The bookmark (or checkpoint/restart) model is a considerably
smaller and less daunting "chunk" for the target-side
implementer to take on at one go -- and is not necessarily
limited to simulators.  If gdb implemented an interface for
checkpoint/restart, there's a good chance that a number of
targets would soon take advantage of it.

And it's quite reasonable to suppose that there is an
evolutionary path from checkpoint/restart to reverse
execution.  We've already discussed some of the ways
in which it could go, so I think it's virtually a given
that it is possible to get from A to B.  For that matter,
it should be also possible to get from B to A: a target
that only supports the rs/bs primatives should be able
to implement checkpoint/restart in terms of them.

How much of that evolution needs to take place on the
gdb side, and how much on the target side, is a great
field for discussion -- I would only note that we do
not have to answer that question now.  If we convince
ourselves that both sets of primatives are useful for
some targets, and that one may evolve into the other,
then there is no reason not to implement them both.
Being able to do either one but not the other would
be better than not being able to do either.

Certainly users have been asking for checkpoint/restart
for years, if not decades.  It would be very cool if
we could give it to them, with an interface that lends
itself to porting to various target environments.

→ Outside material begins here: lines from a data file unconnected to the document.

(* The complementary idempotent (0,0,0,1) = 1 - (1,0,0,0) goes to 1 - (1,p,q,0). *)
lemma second_corner: "f (0, 0, 0, 1) = (0, - p, - q, 1)"
proof -
  have "mc_add (f (1, 0, 0, 0)) (f (0, 0, 0, 1)) = mc_one"
    using f_add[of "(1, 0, 0, 0)" "(0, 0, 0, 1)"] f_one by (simp add: mc_add_def mc_one_def)
  then show ?thesis
    using first_corner by (cases "f (0, 0, 0, 1)" rule: prod_cases4)
      (simp add: mc_add_def mc_one_def eq_neg_iff_add_eq_0 add.commute)
qed

(* Corners are computed by multiplying with the two idempotents on both sides. *)
lemma f_sandwich: "f (mult (mult a x) b) = mult' (mult' (f a) (f x)) (f b)"
  by (simp add: f_mult)

definition \<gamma> where "\<gamma> r = fst (f (r, 0, 0, 0))"
definition \<delta> where "\<delta> s = snd (snd (snd (f (0, 0, 0, s))))"
definition u where "u m = fst (snd (f (0, m, 0, 0)))"
definition v where "v n = fst (snd (snd (f (0, 0, n, 0))))"

lemma f_R: "f (r, 0, 0, 0) = (\<gamma> r, lmM' (\<gamma> r) p, rmN' q (\<gamma> r), 0)"
  using f_sandwich[of "(1, 0, 0, 0)" "(r, 0, 0, 0)" "(1, 0, 0, 0)"] first_corner
  unfolding \<gamma>_def by (cases "f (r, 0, 0, 0)" rule: prod_cases4) (simp add: mc_mult_def module_laws)

lemma f_S: "f (0, 0, 0, s) = (0, - rmM' p (\<delta> s), - lmN' (\<delta> s) q, \<delta> s)"
  using f_sandwich[of "(0, 0, 0, 1)" "(0, 0, 0, s)" "(0, 0, 0, 1)"] second_corner
  unfolding \<delta>_def by (cases "f (0, 0, 0, s)" rule: prod_cases4) (simp add: mc_mult_def module_laws)

lemma f_M: "f (0, m, 0, 0) = (0, u m, 0, 0)"
  using f_sandwich[of "(1, 0, 0, 0)" "(0, m, 0, 0)" "(0, 0, 0, 1)"] first_corner second_corner
  unfolding u_def by (cases "f (0, m, 0, 0)" rule: prod_cases4) (simp add: mc_mult_def module_laws)

lemma f_N: "f (0, 0, n, 0) = (0, 0, v n, 0)"
  using f_sandwich[of "(0, 0, 0, 1)" "(0, 0, n, 0)" "(1, 0, 0, 0)"] first_corner second_corner
  unfolding v_def by (cases "f (0, 0, n, 0)" rule: prod_cases4) (simp add: mc_mult_def module_laws)

(* Additivity assembles the four corners into the explicit form required by Iso_0^0. *)
lemma f_formula: "f (r, m, n, s) = (\<gamma> r, lmM' (\<gamma> r) p - rmM' p (\<delta> s) + u m,
    rmN' q (\<gamma> r) - lmN' (\<delta> s) q + v n, \<delta> s)"
proof -
  have "(r, m, n, s) = mc_add (r, 0, 0, 0) (mc_add (0, m, 0, 0) (mc_add (0, 0, n, 0) (0, 0, 0, s)))"
    by (simp add: mc_add_def)
  then have "f (r, m, n, s) =
      mc_add (f (r, 0, 0, 0)) (mc_add (f (0, m, 0, 0)) (mc_add (f (0, 0, n, 0)) (f (0, 0, 0, s))))"
    by (simp add: f_add)
  then show ?thesis by (simp add: f_R f_S f_M f_N mc_add_def algebra_simps)
qed

lemma components_additive:
  "\<gamma> (r + r') = \<gamma> r + \<gamma> r'" "\<delta> (s + s') = \<delta> s + \<delta> s'"
  "u (m + m') = u m + u m'" "v (n + n') = v n + v n'"
  using f_add[of "(r, 0, 0, 0)" "(r', 0, 0, 0)"] f_add[of "(0, 0, 0, s)" "(0, 0, 0, s')"]
    f_add[of "(0, m, 0, 0)" "(0, m', 0, 0)"] f_add[of "(0, 0, n, 0)" "(0, 0, n', 0)"]
  by (simp_all add: mc_add_def f_R f_S f_M f_N)

lemma components_multiplicative:
  "\<gamma> (r * r') = \<gamma> r * \<gamma> r'" "\<delta> (s * s') = \<delta> s * \<delta> s'"
  using f_mult[of "(r, 0, 0, 0)" "(r', 0, 0, 0)"] f_mult[of "(0, 0, 0, s)" "(0, 0, 0, s')"]
  by (simp_all add: mc_mult_def f_R f_S module_laws)

lemma components_unital: "\<gamma> 1 = 1" "\<delta> 1 = 1"
  using first_corner second_corner by (simp_all add: \<gamma>_def \<delta>_def)

lemma components_inj: "inj \<gamma>" "inj \<delta>" "inj u" "inj v"
proof -
  have inj_f: "f x = f y \<Longrightarrow> x = y" for x y
    using f_bij by (simp add: bij_is_inj inj_eq)
  have "\<gamma> a = \<gamma> b \<Longrightarrow> a = b" "\<delta> a' = \<delta> b' \<Longrightarrow> a' = b'"
    "u m = u m' \<Longrightarrow> m = m'" "v n = v n' \<Longrightarrow> n = n'" for a b a' b' m m' n n'
    using inj_f[of "(a, 0, 0, 0)" "(b, 0, 0, 0)"] inj_f[of "(0, 0, 0, a')" "(0, 0, 0, b')"]
      inj_f[of "(0, m, 0, 0)" "(0, m', 0, 0)"] inj_f[of "(0, 0, n, 0)" "(0, 0, n', 0)"]
    by (simp_all add: f_R f_S f_M f_N)
  then show "inj \<gamma>" "inj \<delta>" "inj u" "inj v"
    by (meson injI)+
qed

lemma components_surj: "surj \<gamma>" "surj \<delta>" "surj u" "surj v"
proof -
  have preimage: "\<exists>r m n s. f (r, m, n, s) = z" for z
    using f_bij by (metis bij_pointE prod_cases4)
  have "a \<in> range \<gamma> \<and> b \<in> range \<delta>" for a b
    using preimage[of "(a, 0, 0, b)"] by (auto simp: f_formula)
  moreover have "x \<in> range u \<and> y \<in> range v" for x y
    using preimage[of "(0, x, y, 0)"] by (auto simp: f_formula module_laws)
  ultimately show "surj \<gamma>" "surj \<delta>" "surj u" "surj v"
    by blast+
qed

lemma compat_u: "u (lmM r (rmM m s)) = lmM' (\<gamma> r) (rmM' (u m) (\<delta> s))"
  using f_sandwich[of "(r, 0, 0, 0)" "(0, m, 0, 0)" "(0, 0, 0, s)"]
  by (simp add: mc_mult_def f_R f_S f_M module_laws)

lemma compat_v: "v (lmN s (rmN n r)) = lmN' (\<delta> s) (rmN' (v n) (\<gamma> r))"
  using f_sandwich[of "(0, 0, 0, s)" "(0, 0, n, 0)" "(r, 0, 0, 0)"]
  by (simp add: mc_mult_def f_R f_S f_N module_laws)

theorem in_Iso00: "f \<in> Iso00"
proof -
  have "ring_iso_fun \<gamma>" "ring_iso_fun \<delta>" "add_bij u" "add_bij v"
    using components_additive components_multiplicative components_unital
      components_inj components_surj
    by (simp_all add: ring_iso_fun_def add_bij_def bij_def)
  then show ?thesis
    unfolding mc_Iso00_def using compat_u compat_v f_formula by blast
qed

And certainly the idea of reverse execution has been
around for years too, and it would be cool to be able
to support that.

So why settle for one or the other?  The beauty of
gdb is that it doesn't need to know HOW the target
accomplishes a thing.  Details such as whether the
cached states are kept in a circular buffer are
for the target implementers to worry about.  We just
define our interface specification to be as general
as possible.  The less we assume about the target-side
implementation, the better.

That said -- it's still useful and fun to discuss how
these things may be accomplished, and should help us
to design a generally useful interface.